◆ Exercise details:
Among the records that follow, find each line holding the word "else" and copy it.

◆ Data provided:
lemma survival_b_eq: "0 \<le> s \<Longrightarrow> s \<le> t \<Longrightarrow> survival_b \<theta> w t s = exp (- Omega_b \<theta> w s t)"
  unfolding survival_b_def by (simp add: clip_eq)

lemma survival_b_mono_lipschitz:
  assumes "0 \<le> s" "s \<le> t" "t \<le> t'" "t' \<le> T"
  shows "survival_b \<theta> w t' s \<le> survival_b \<theta> w t s"
    "survival_b \<theta> w t s \<le> survival_b \<theta> w t' s + supnorm T w * (t' - t) * survival_b \<theta> w t s"
proof -
  have o: "Omega_b \<theta> w s t \<le> Omega_b \<theta> w s t'" "Omega_b \<theta> w s t' - Omega_b \<theta> w s t \<le> supnorm T w * (t' - t)"
    using Omega_b_bounds[OF assms] by auto
  then have "exp (- Omega_b \<theta> w s t) - exp (- (Omega_b \<theta> w s t + (Omega_b \<theta> w s t' - Omega_b \<theta> w s t)))
      \<le> exp (- Omega_b \<theta> w s t) * (supnorm T w * (t' - t))"
    by (intro exp_minus_diff_le) auto
  then show "survival_b \<theta> w t' s \<le> survival_b \<theta> w t s"
    "survival_b \<theta> w t s \<le> survival_b \<theta> w t' s + supnorm T w * (t' - t) * survival_b \<theta> w t s"
    using assms o by (simp_all add: survival_b_eq algebra_simps)
qed

lemma first_jump_density_bounds: "0 \<le> first_jump_density \<theta> w T z v \<and> first_jump_density \<theta> w T z v \<le> supnorm T w"
proof -
  let ?z = "clip 0 1 z" and ?v = "clip 0 T v"
  have c: "0 \<le> ?z" "?z \<le> 1" "0 \<le> ?v" "?v \<le> T"
    using T_pos by (auto simp: clip_def)
  have "exp (- Omega_i \<theta> w ?z ?v) \<le> 1"
    using Omega_i_bounds(1)[OF c(1,2) c(3) order_refl c(4)] by simp
  then show ?thesis
    using rate_i_bounds[OF c] unfolding first_jump_density_def
    by (auto intro: mult_le_one order_trans[OF mult_left_le])
qed

lemma jump_density_nonneg: "0 \<le> jump_density \<theta> w T s y"
proof -
  have "0 \<le> clip 0 T s" "clip 0 T s \<le> clip (clip 0 T s) T y" "clip (clip 0 T s) T y \<le> T"
    using T_pos by (auto simp: clip_def)
  then show ?thesis unfolding jump_density_def using rate_b_bounds by simp
qed

lemma nn_integral_first_jump_density:
  assumes "0 \<le> z" "z \<le> 1" "0 \<le> \<alpha>" "\<alpha> \<le> \<beta>" "\<beta> \<le> T"
  shows "(\<integral>\<^sup>+v. indicator {\<alpha>..\<beta>} v * ennreal (first_jump_density \<theta> w T z v) \<partial>lborel)
    = ennreal (exp (- Omega_i \<theta> w z \<alpha>) - exp (- Omega_i \<theta> w z \<beta>))"
  unfolding Omega_i_rate_i
  using assms rate_i_bounds[OF assms(1,2)]
  by (intro nn_integral_hazard[OF continuous_on_rate_i_line[OF assms(1,2)] assms(3-5)])
    (auto simp: first_jump_density_eq Omega_i_rate_i)

lemma nn_integral_jump_density:
  assumes "0 \<le> s" "s \<le> \<alpha>" "\<alpha> \<le> \<beta>" "\<beta> \<le> T"
  shows "(\<integral>\<^sup>+y. indicator {\<alpha>..\<beta>} y * ennreal (jump_density \<theta> w T s y) \<partial>lborel)
    = ennreal (exp (- Omega_b \<theta> w s \<alpha>) - exp (- Omega_b \<theta> w s \<beta>))"
  unfolding Omega_b_rate_b
  using assms rate_b_bounds[OF assms(1)]
  by (intro nn_integral_hazard[OF continuous_on_rate_b_line assms(2-4)])
    (auto simp: jump_density_eq Omega_b_rate_b)

lemma jump_density_measurable: "jump_density \<theta> w T s \<in> borel_measurable borel"
  by (rule borel_measurable_continuous_onI,
      rule continuous_on_compose_pair[OF continuous_jump_density, of _ "\<lambda>_. s" "\<lambda>v. v", simplified])

lemma simplex_kernel_densities: "simplex_kernel (first_jump_density \<theta> w T z) (jump_density \<theta> w T)"
proof
  show "0 \<le> first_jump_density \<theta> w T z v" for v using first_jump_density_bounds by blast
  show "0 \<le> jump_density \<theta> w T s y" for s y by (rule jump_density_nonneg)
  have "continuous_on UNIV (first_jump_density \<theta> w T z)"
    by (rule continuous_on_compose_pair[OF continuous_first_jump_density, of _ "\<lambda>_. z" "\<lambda>v. v", simplified])
  then show "first_jump_density \<theta> w T z \<in> borel_measurable borel"
    by (rule borel_measurable_continuous_onI)
  have "(\<lambda>p. jump_density \<theta> w T (fst p) (snd p)) \<in> borel_measurable borel"
    using continuous_jump_density by (intro borel_measurable_continuous_onI) (simp add: split_beta')
  then show "(\<lambda>p. jump_density \<theta> w T (fst p) (snd p)) \<in> borel_measurable (lborel \<Otimes>\<^sub>M lborel)"
    by (simp add: lborel_prod)
qed

end

end

section \<open>The series of jump integrals\<close>

definition jump_term ::
  "((real \<times> real) \<Rightarrow> real \<Rightarrow> real) \<Rightarrow> (real \<times> real \<Rightarrow> real) \<Rightarrow> real \<Rightarrow> real \<Rightarrow> real \<Rightarrow> real \<Rightarrow> nat \<Rightarrow> real" where
  "jump_term \<theta> w T z t0 t k = enn2real (simplex_integral (first_jump_density \<theta> w T z) (jump_density \<theta> w T)
     t0 (Suc k) (\<lambda>s. ennreal (survival_b \<theta> w t s)))"

definition jump_series ::
  "((real \<times> real) \<Rightarrow> real \<Rightarrow> real) \<Rightarrow> (real \<times> real \<Rightarrow> real) \<Rightarrow> real \<Rightarrow> real \<Rightarrow> real \<Rightarrow> real \<Rightarrow> real" where
  "jump_series \<theta> w T z t0 t = (\<Sum>k. jump_term \<theta> w T z t0 t k)"

context theta_setting
begin

context
  fixes w and z :: real
  assumes w: "w \<in> W" and z: "0 \<le> z" "z \<le> 1"
begin

interpretation simplex_kernel "first_jump_density \<theta> w T z" "jump_density \<theta> w T"
  by (rule simplex_kernel_densities[OF w])

abbreviation "jump_integral t0 t k \<equiv>
  simplex_integral (first_jump_density \<theta> w T z) (jump_density \<theta> w T) t0 (Suc k) (\<lambda>s. ennreal (survival_b \<theta> w t s))"

lemma survival_b_measurable:
  "0 \<le> t \<Longrightarrow> t \<le> T \<Longrightarrow> (\<lambda>s. ennreal (survival_b \<theta> w t s)) \<in> borel_measurable borel"
  using borel_measurable_continuous_onI[OF continuous_survival_b[OF w]]
  by (rule measurable_compose[OF _ measurable_ennreal])

lemma kernel_const_one:
  "0 \<le> s \<Longrightarrow> s \<le> t0 \<Longrightarrow> t0 \<le> T
    \<Longrightarrow> kernel (jump_density \<theta> w T) t0 (\<lambda>_. 1) s = ennreal (1 - exp (- Omega_b \<theta> w s t0))"
  unfolding kernel_def using nn_integral_jump_density[OF w, of s s t0] by simp
lemma edge_of_color:
  assumes x: "x \<in> V" and c: "c \<in> {0,1,2}"
  shows "\<exists>e\<in>E. x \<in> ends e \<and> col e = c"
proof -
  let ?X = "{e\<in>E. x \<in> ends e}"
  have "inj_on col ?X"
    using edge_color_unique[OF x] by (auto intro: inj_onI)
  then have "card (col ` ?X) = 3"
    using cubic x unfolding cubic_graph_def by (simp add: card_image)
  moreover have "col ` ?X \<subseteq> {0,1,2}"
    using color_range by (metis (no_types, lifting) image_subsetI mem_Collect_eq)
  ultimately have "col ` ?X = {0,1,2}"
    by (intro card_subset_eq) simp_all
  with c have "c \<in> col ` ?X" by simp
  then show ?thesis by blast
qed

definition mate :: "nat \<Rightarrow> 'v \<Rightarrow> 'v" where
  "mate c x = (THE y. \<exists>e\<in>E. col e = c \<and> ends e = {x, y})"

lemma mate_eqI:
  assumes x: "x \<in> V" and e: "e \<in> E" "col e = c" "ends e = {x, y}"
  shows "mate c x = y"
  unfolding mate_def
proof (rule the_equality)
  fix y' assume "\<exists>e\<in>E. col e = c \<and> ends e = {x, y'}"
  then obtain e' where e': "e' \<in> E" "col e' = c" "ends e' = {x, y'}" by blast
  then have "e' = e"
    using edge_color_unique[OF x] e by simp
  then show "y' = y" using e e' by (metis doubleton_eq_iff)
qed (use e in blast)

lemma mate_edge:
  assumes "x \<in> V" and "c \<in> {0,1,2}"
  shows "\<exists>e\<in>E. col e = c \<and> ends e = {x, mate c x} \<and> mate c x \<noteq> x"
proof -
  obtain e where e: "e \<in> E" "x \<in> ends e" "col e = c" using edge_of_color[OF assms] by blast
  moreover have "card (ends e) = 2" using cubic e(1) unfolding cubic_graph_def by blast
  then obtain a b where "ends e = {a, b}" "a \<noteq> b" by (auto simp: card_2_iff)
  with e(2) obtain y where "ends e = {x, y}" "y \<noteq> x" by auto
  with e show ?thesis using mate_eqI[OF assms(1) e(1,3)] by auto
qed

context
  fixes x :: 'v and c :: nat
  assumes x: "x \<in> V" and c: "c \<in> {0,1,2}"
begin

lemma mate_in_V: "mate c x \<in> V"
  using mate_edge[OF x c] ends_subset by blast

lemma mate_mate: "mate c (mate c x) = x"
proof -
  obtain e where "e \<in> E" "col e = c" "ends e = {mate c x, x}"
    using mate_edge[OF x c] by (auto simp: insert_commute)
  then show ?thesis using mate_eqI[OF mate_in_V] by blast
qed

lemma mate_in_A_iff: "mate c x \<in> A \<longleftrightarrow> x \<notin> A"
proof -
  obtain e where "e \<in> E" "ends e = {x, mate c x}" "mate c x \<noteq> x"
    using mate_edge[OF x c] by blast
  moreover from this have "card ({x, mate c x} \<inter> A) = 1" using A_side by metis
  ultimately show ?thesis
    by (cases "x \<in> A"; cases "mate c x \<in> A") (auto simp: Int_insert_left)
qed

end

lemma card_V: "card V = 2 * card A"
proof -
  have "bij_betw (mate 0) A (V - A)"
  proof (rule bij_betw_byWitness[where f' = "mate 0"])
    show "\<forall>a\<in>A. mate 0 (mate 0 a) = a" "\<forall>a\<in>V - A. mate 0 (mate 0 a) = a"
      using A_subset mate_mate by auto
    show "mate 0 ` A \<subseteq> V - A" "mate 0 ` (V - A) \<subseteq> A"
      using A_subset mate_in_A_iff mate_in_V by auto
  qed
  then have "card A = card (V - A)" by (rule bij_betw_same_card)
  also have "\<dots> = card V - card A" using finite_A A_subset by (rule card_Diff_subset)
  finally show ?thesis using card_mono[OF finite_V A_subset] by linarith
qed

lemma adj_rel_color_pair:
  assumes "i \<in> {0,1,2}" and "j \<in> {0,1,2}"
  shows "(x, y) \<in> adj_rel ends {e\<in>E. col e \<in> {i, j}} \<longleftrightarrow>
    x \<in> V \<and> (y = mate i x \<or> y = mate j x)"
proof
  assume "(x, y) \<in> adj_rel ends {e\<in>E. col e \<in> {i, j}}"
  then obtain e where e: "e \<in> E" "col e \<in> {i, j}" "ends e = {x, y}"
    unfolding adj_rel_def by blast
  then have "x \<in> V" using ends_subset by blast
  with e show "x \<in> V \<and> (y = mate i x \<or> y = mate j x)" using mate_eqI by blast
next
  assume "x \<in> V \<and> (y = mate i x \<or> y = mate j x)"
  then show "(x, y) \<in> adj_rel ends {e\<in>E. col e \<in> {i, j}}"
    using mate_edge[of x i] mate_edge[of x j] assms unfolding adj_rel_def by fastforce
qed

definition walk_perm :: "nat \<Rightarrow> nat \<Rightarrow> 'v \<Rightarrow> 'v" where
  "walk_perm i j x = (if x \<in> A then mate j (mate i x) else x)"

lemma walk_perm_in_A:
  assumes "i \<in> {0,1,2}" "j \<in> {0,1,2}" "x \<in> A"
  shows "walk_perm i j x \<in> A"
  using assms A_subset mate_in_A_iff[OF _ assms(1)] mate_in_A_iff[OF mate_in_V assms(2)]
  unfolding walk_perm_def by auto

lemma walk_perm_mate:
  assumes "i \<in> {0,1,2}" "x \<in> V" "x \<notin> A"
  shows "walk_perm i j (mate i x) = mate j x"
  using assms mate_in_A_iff mate_mate unfolding walk_perm_def by auto

lemma walk_perm_trans:
  assumes "i \<in> {0,1,2}" "j \<in> {0,1,2}" "k \<in> {0,1,2}"
  shows "walk_perm j k (walk_perm i j x) = walk_perm i k x"
  using assms walk_perm_in_A A_subset mate_in_V mate_mate unfolding walk_perm_def by auto

lemma walk_perm_self: "i \<in> {0,1,2} \<Longrightarrow> walk_perm i i x = x"
  using A_subset mate_mate unfolding walk_perm_def by auto

lemma walk_perm_permutes:
  assumes "i \<in> {0,1,2}" "j \<in> {0,1,2}"
  shows "walk_perm i j permutes A"
proof (rule bij_imp_permutes)
  show "bij_betw (walk_perm i j) A A"
    by (rule bij_betw_byWitness[where f' = "walk_perm j i"])
      (use assms walk_perm_trans walk_perm_self walk_perm_in_A in auto)
qed (simp add: walk_perm_def)

lemma walk_perm_triangle:
  assumes "i \<in> {0,1,2}" "j \<in> {0,1,2}" "k \<in> {0,1,2}"
  shows "walk_perm k i \<circ> walk_perm j k \<circ> walk_perm i j = id"
  using assms by (simp add: fun_eq_iff walk_perm_trans walk_perm_self)

definition proj_A :: "nat \<Rightarrow> 'v \<Rightarrow> 'v" where
  "proj_A i w = (if w \<in> A then w else mate i w)"

lemma proj_A_adj:
  assumes i: "i \<in> {0,1,2}" and j: "j \<in> {0,1,2}"
    and "(w, u) \<in> adj_rel ends {e\<in>E. col e \<in> {i, j}}"
  shows "(proj_A i w, proj_A i u) \<in> (perm_edges (walk_perm i j) A)\<^sup>*"
proof -
  let ?Q = "perm_edges (walk_perm i j) A"
  have w: "w \<in> V" and "u = mate i w \<or> u = mate j w"
    using assms adj_rel_color_pair by auto
  have j_step: "(proj_A i v, proj_A i (mate j v)) \<in> ?Q" if "v \<in> V" "v \<notin> A" for v
    using that walk_perm_mate[OF i that] mate_in_A_iff i j unfolding proj_A_def perm_edges_def
    by auto
  consider "u = mate i w" | "u = mate j w" "w \<notin> A" | "u = mate j w" "w \<in> A"
    using \<open>u = mate i w \<or> u = mate j w\<close> by blast
  then show ?thesis
  proof cases
    case 1
    then have "proj_A i u = proj_A i w"
      using mate_in_A_iff[OF w i] mate_mate[OF w i] unfolding proj_A_def by auto
    then show ?thesis by simp
  next
    case 2
    then show ?thesis using j_step w by auto
  next
    case 3
    then have "(proj_A i u, proj_A i w) \<in> ?Q"
      using j_step[of u] mate_in_V[OF w j] mate_in_A_iff[OF w j] mate_mate[OF w j] by auto
    then have "(proj_A i w, proj_A i u) \<in> ?Q" by (rule symD[OF sym_perm_edges])
    then show ?thesis by simp
  qed
qed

◆ Response below:
  "walk_perm i j x = (if x \<in> A then mate j (mate i x) else x)"
  "proj_A i w = (if w \<in> A then w else mate i w)"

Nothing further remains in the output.